» **Work to be completed**
Return each line of the records holding the string "Ysol".

(Stored entries)
▬▬▬▬▬▬
lemma jet_test_fam_eq:
  assumes "smooth_real A" "smooth_real C" "Dn i A t * Dn j C r = 0"
  shows "jet (test_fam lam k A C e) t r i j = jet (test_fam lam k A C 0) t r i j"
  unfolding jet_def pd_test_fam[OF assms(1,2)] using assms(3) by (simp add: mult.assoc)

text \<open>\<open>E_line\<close> is E evaluated along a line \<open>U0 + e G\<close> in function space, written in terms
  of the values of the relevant derivatives of the base point and of the direction; the base
  point is taken to be time independent.  \<open>E_line_deriv\<close> is its derivative in e.\<close>

definition E_line :: "real \<Rightarrow> real \<Rightarrow> real \<Rightarrow> real \<Rightarrow> real \<Rightarrow> real \<Rightarrow> real \<Rightarrow> real \<Rightarrow> real \<Rightarrow> real \<Rightarrow> real \<Rightarrow> real \<Rightarrow> real" where
  "E_line a b c p U0 G A2C L0 L1 D0 D1 e =
     e * A2C - (c + b * (U0 + e * G) powr p) * (L0 + e * L1) - a * (U0 + e * G) powr (p - 1) * (D0 + e * D1)\<^sup>2"

definition E_line_deriv :: "real \<Rightarrow> real \<Rightarrow> real \<Rightarrow> real \<Rightarrow> real \<Rightarrow> real \<Rightarrow> real \<Rightarrow> real \<Rightarrow> real \<Rightarrow> real \<Rightarrow> real \<Rightarrow> real \<Rightarrow> real" where
  "E_line_deriv a b c p U0 G A2C L0 L1 D0 D1 e =
     A2C - (b * (p * (U0 + e * G) powr (p - 1) * G)) * (L0 + e * L1) - (c + b * (U0 + e * G) powr p) * L1
     - a * ((p - 1) * (U0 + e * G) powr (p - 1 - 1) * G) * (D0 + e * D1)\<^sup>2
     - a * (U0 + e * G) powr (p - 1) * (2 * (D0 + e * D1) * D1)"

lemma E_line_has_deriv:
  assumes pos: "U0 + e * G > 0"
  shows "((\<lambda>e. E_line a b c p U0 G A2C L0 L1 D0 D1 e) has_real_derivative E_line_deriv a b c p U0 G A2C L0 L1 D0 D1 e) (at e)"
proof -
  have dU: "((\<lambda>e. U0 + e * G) has_real_derivative G) (at e)"
    by (auto intro!: derivative_eq_intros)
  have dUp: "((\<lambda>e. (U0 + e * G) powr p) has_real_derivative p * (U0 + e * G) powr (p - 1) * G) (at e)"
    using DERIV_fun_powr[OF dU pos, of p] by simp
  have dUp1: "((\<lambda>e. (U0 + e * G) powr (p - 1)) has_real_derivative (p - 1) * (U0 + e * G) powr (p - 1 - 1) * G) (at e)"
    using DERIV_fun_powr[OF dU pos, of "p - 1"] by simp
  have dL: "((\<lambda>e. L0 + e * L1) has_real_derivative L1) (at e)"
    by (auto intro!: derivative_eq_intros)
  have dD: "((\<lambda>e. (D0 + e * D1)\<^sup>2) has_real_derivative 2 * (D0 + e * D1) * D1) (at e)"
    by (auto intro!: derivative_eq_intros)
  show ?thesis unfolding E_line_def E_line_deriv_def
    by (rule DERIV_cong[OF DERIV_diff[OF DERIV_diff[OF DERIV_cmult_right[OF DERIV_ident]
          DERIV_mult[OF DERIV_add[OF DERIV_const DERIV_cmult[OF dUp]] dL]] DERIV_mult[OF DERIV_cmult[OF dUp1] dD]]])
       (simp add: algebra_simps)
qed
(* Assume the standing hypotheses and definitions in the context. Then $G(t,H(t,x))=x$ for all $t\in\mathbb{R}$ and $x\in\mathbb{R}^n$.
   Context: Standing hypotheses: $A:\mathbb{R}\to\mathbb{R}^{n\times n}$ is continuous and bounded, $T(t,s)$ is the evolution operator of $x'=A(t)x$. $\mu:\mathbb{R}\to(0,\infty)$ is an increasing differentiable growth rate: $\mu(0)=1$, $\lim_{t\to-\infty}\mu(t)=0$, $\lim_{t\to+\infty}\mu(t)=+\infty$. The system $x'=A(t)x$ admits an algebraic dichotomy: projections $P(s)$, $Q(s)=I-P(s)$, constants $K,\alpha>0$ with $T(t,s)P(s)=P(t)T(t,s)$, $\|T(t,s)P(s)\|\le K(\mu(t)/\mu(s))^{-\alpha}$ ($t\ge s$), $\|T(t,s)Q(s)\|\le K(\mu(s)/\mu(t))^{-\alpha}$ ($t\le s$). $f:\mathbb{R}\times\mathbb{R}^n\to\mathbb{R}^n$ is continuous, $\|f(t,x)\|\le\beta\mu'(t)\mu^{-1}(t)$, $\|f(t,x_1)-f(t,x_2)\|\le\gamma\mu'(t)\mu^{-1}(t)\|x_1-x_2\|$ for constants $\beta,\gamma\ge0$, and $6K\gamma\alpha^{-1}<1$. $X(t,\tau,\xi)$ (resp. $Y(t,\tau,\xi)$) is the solution of $x'=A(t)x+f(t,x)$ (resp. $x'=A(t)x$) with value $\xi$ at $t=\tau$. $h(t,(\tau,\xi))$ is the unique solution bounded on $\mathbb{R}$ of $Z'=A(t)Z-f(t,X(t,\tau,\xi))$, and $g(t,(\tau,\xi))$ the unique solution bounded on $\mathbb{R}$ of $Z'=A(t)Z+f(t,Y(t,\tau,\xi)+Z)$ (both exist and are unique under these hypotheses). Define $H(t,x)=x+h(t,(t,x))$ and $G(t,y)=y+g(t,(t,y))$. *)

theory Defs
  imports "HOL-Analysis.Analysis"
begin

definition opnorm :: "real^'n^'n \<Rightarrow> real" where
  "opnorm M = onorm (\<lambda>x. M *v x)"

definition Ysol :: "(real \<Rightarrow> real^'n^'n) \<Rightarrow> real \<Rightarrow> real^'n \<Rightarrow> real \<Rightarrow> real^'n" where
  "Ysol A \<tau> \<xi> = (THE x. x \<tau> = \<xi> \<and>
      (\<forall>t. (x has_vector_derivative (A t *v x t)) (at t)))"

definition Xsol :: "(real \<Rightarrow> real^'n^'n) \<Rightarrow> (real \<Rightarrow> real^'n \<Rightarrow> real^'n)
      \<Rightarrow> real \<Rightarrow> real^'n \<Rightarrow> real \<Rightarrow> real^'n" where
  "Xsol A f \<tau> \<xi> = (THE x. x \<tau> = \<xi> \<and>
      (\<forall>t. (x has_vector_derivative (A t *v x t + f t (x t))) (at t)))"

definition hsol :: "(real \<Rightarrow> real^'n^'n) \<Rightarrow> (real \<Rightarrow> real^'n \<Rightarrow> real^'n)
      \<Rightarrow> real \<Rightarrow> real^'n \<Rightarrow> real \<Rightarrow> real^'n" where
  "hsol A f \<tau> \<xi> = (THE z. bounded (range z) \<and>
      (\<forall>t. (z has_vector_derivative (A t *v z t - f t (Xsol A f \<tau> \<xi> t))) (at t)))"

definition gsol :: "(real \<Rightarrow> real^'n^'n) \<Rightarrow> (real \<Rightarrow> real^'n \<Rightarrow> real^'n)
      \<Rightarrow> real \<Rightarrow> real^'n \<Rightarrow> real \<Rightarrow> real^'n" where
  "gsol A f \<tau> \<xi> = (THE z. bounded (range z) \<and>
      (\<forall>t. (z has_vector_derivative (A t *v z t + f t (Ysol A \<tau> \<xi> t + z t))) (at t)))"

definition Hmap :: "(real \<Rightarrow> real^'n^'n) \<Rightarrow> (real \<Rightarrow> real^'n \<Rightarrow> real^'n)
      \<Rightarrow> real \<Rightarrow> real^'n \<Rightarrow> real^'n" where
  "Hmap A f t x = x + hsol A f t x t"

definition Gmap :: "(real \<Rightarrow> real^'n^'n) \<Rightarrow> (real \<Rightarrow> real^'n \<Rightarrow> real^'n)
      \<Rightarrow> real \<Rightarrow> real^'n \<Rightarrow> real^'n" where
  "Gmap A f t y = y + gsol A f t y t"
▬▬▬▬▬▬
» **Exercise output**
definition Ysol :: "(real \<Rightarrow> real^'n^'n) \<Rightarrow> real \<Rightarrow> real^'n \<Rightarrow> real \<Rightarrow> real^'n" where
  "Ysol A \<tau> \<xi> = (THE x. x \<tau> = \<xi> \<and>
      (\<forall>t. (z has_vector_derivative (A t *v z t + f t (Ysol A \<tau> \<xi> t + z t))) (at t)))"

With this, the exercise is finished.